Gets even more phony in representing the confrontation with a Pakistan athlete first in the British Common-Steal-Your-Wealth games and then in a Lahore stadium -- announced over radio commentary as the "Gaddafi stadium", when Muammar Gaddaffi was probably not even a cadet in the Libyan army and the stadium named after him was still a distant project, executed by Prime Minister Bhutto in the mid-1970s.

Finally, there was no Border Security Force then -- it was only set up well after the military conflict of 1962 -- and the Wagah crossing between India and Pakistan was nothing like it is now. So to have Milkha Singh crossing in an army truck that passes through double gates manned by those goose-stepping BSF jawans and Pakistan rangers, is a bit of putting current animosities back in the past.

This is not about quibbling over details -- just that Rakeysh Omprakash Mehra (ROM) -- could have made a much more compact and watchable film if he had avoided making these silly concessions to current sensibilities. But all that said, it is technically very well assembled, though among ROM's films, Delhi 6 still remains my fave, because of its irreverent and whacky tone.

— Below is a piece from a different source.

(* Assume $-1\in\mathbb F^2$ and let $J=JCK(Z,\delta)$. On $\mathcal A=\mathrm{Der}(J)^{[\bar1,\bar1]}$ define the multiplication $X\cdot Y=-\tau\bigl([\varphi(X),\varphi^2(Y)]\bigr)$ and the map $\bar X=-\tau(X)$, where $S_4$ acts on $\mathrm{Der}(J)$ by conjugation ($\sigma(X)=\sigma X\sigma^{-1}$) and $[\,,]$ is the supercommutator. Then $\bar X=X$ for all $X\in\mathcal A$, and the superalgebra $(\mathcal A,\cdot)$ is isomorphic to the Jordan superalgebra $K=Z\oplus Zy$ (a subalgebra of $J$); explicitly, $\Phi:K\to\mathcal A$, $f+gy\mapsto D(v_1,fv_2)+\sqrt{-1}\,D(v_3,gy)$ ($f,g\in Z$) is an isomorphism of superalgebras. Thus $(\mathcal A,\cdot,\bar{\ })$ is isomorphic to $K$ with the trivial involution.
   Context: Let $\mathbb F$ be a field of characteristic $\neq 2$ with $-1\in\mathbb F^2$, $Z$ a unital commutative associative $\mathbb F$-algebra, and $\delta$ a derivation of $Z$ such that $Z\delta(Z)=Z$ (the $\mathbb F$-span of all products $f\delta(g)$, $f,g\in Z$, is $Z$). The Cheng-Kac Jordan superalgebra $J=JCK(Z,\delta)=J_{\bar0}\oplus J_{\bar1}$ is defined as follows: $J_{\bar0}=Z1\oplus Zw_1\oplus Zw_2\oplus Zw_3$ and $J_{\bar1}=Zx\oplus Zx_1\oplus Zx_2\oplus Zx_3$ are free $Z$-modules of rank 4; $J_{\bar0}$ is the $Z$-algebra $(\mathbb F1\oplus\mathbb Fw_1\oplus\mathbb Fw_2\oplus\mathbb Fw_3)\otimes_{\mathbb F}Z$ with $1$ the identity, $w_1^2=w_2^2=1$, $w_3^2=-1$, $w_iw_j=0$ for $i\ne j$. For $f,g\in Z$ and $i,j\in\{1,2,3\}$ the remaining products are: $f(gx)=(fg)x$, $f(gx_j)=(fg)x_j$, $(fw_i)(gx)=(\delta(f)g)x_i$, $(fw_i)(gx_j)=-(fg)x_{i\times j}$, $(fx)(gx)=\delta(f)g-f\delta(g)$, $(fx)(gx_j)=-(fg)w_j$, $(fx_i)(gx)=(fg)w_i$, $(fx_i)(gx_j)=0$, extended by supercommutativity ($ab=(-1)^{|a||b|}ba$), where $x_{1\times2}=-x_{2\times1}=x_3$, $x_{1\times3}=-x_{3\times1}=x_2$, $x_{3\times2}=-x_{2\times3}=x_1$, $x_{i\times i}=0$. $J$ is $\mathbb Z_2^2$-graded by $J^{[\bar0,\bar0]}=Z\oplus Zx$, $J^{[\bar1,\bar0]}=Zw_1\oplus Zx_1$, $J^{[\bar0,\bar1]}=Zw_2\oplus Zx_2$, $J^{[\bar1,\bar1]}=Zw_3\oplus Zx_3$, and $\mathrm{Der}(J)^{\alpha}$ denotes the (super) derivations mapping each $J^{\beta}$ into $J^{\alpha+\beta}$. $D(a,b)$ is $c\mapsto a(bc)-(-1)^{|a||b|}b(ac)$. Fix $\sqrt{-1}\in\mathbb F$ and set $v_1=\sqrt{-1}w_1$, $v_2=\sqrt{-1}w_2$, $v_3=w_3$, $y=x$, $y_1=\sqrt{-1}x_1$, $y_2=\sqrt{-1}x_2$, $y_3=x_3$. $S_4$ acts on $J$ by automorphisms via: $(1\,2)(3\,4)$ is the identity on $J^{[\bar0,\bar0]}\oplus J^{[\bar1,\bar1]}$ and $-1$ on $J^{[\bar1,\bar0]}\oplus J^{[\bar0,\bar1]}$; $(2\,3)(4\,1)$ is the identity on $J^{[\bar0,\bar0]}\oplus J^{[\bar1,\bar0]}$ and $-1$ on $J^{[\bar0,\bar1]}\oplus J^{[\bar1,\bar1]}$; $\varphi=(1\,2\,3)$ is $Z$-linear with $1\mapsto1$, $y\mapsto y$, $v_i\mapsto v_{i+1}$, $y_i\mapsto y_{i+1}$ (indices mod 3); $\tau=(1\,2)$ is $Z$-linear with $1\mapsto1$, $y\mapsto y$, $v_1\mapsto -v_2$, $v_2\mapsto-v_1$, $v_3\mapsto-v_3$, $y_1\mapsto-y_2$, $y_2\mapsto-y_1$, $y_3\mapsto-y_3$. *)

theory Defs
  imports Main
begin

And of course, the young kid who plays Milkha Singh in the pastoral splendour of undivided Punjab and the misery of the refugee camp in Purana Qila, is quite a splendid performer.

Postscript: Though the military rulers of Pakistan are seen to redeem themselves at the end by applauding generously for Milkha's magnificent run, there were no bearded Islamic generals in the Pakistan army at the time. They were all British trained, trimmed-moustache and very pukka sahibs, much like our generals were till about the 1970s. Moreover, Field Marshal Ayub Khan, despite the highly decorative military title he acquired to buttress his political authority, rarely appeared in public in his military uniform. And even if he did, it was not that ornate ensemble he is shown wearing in the film.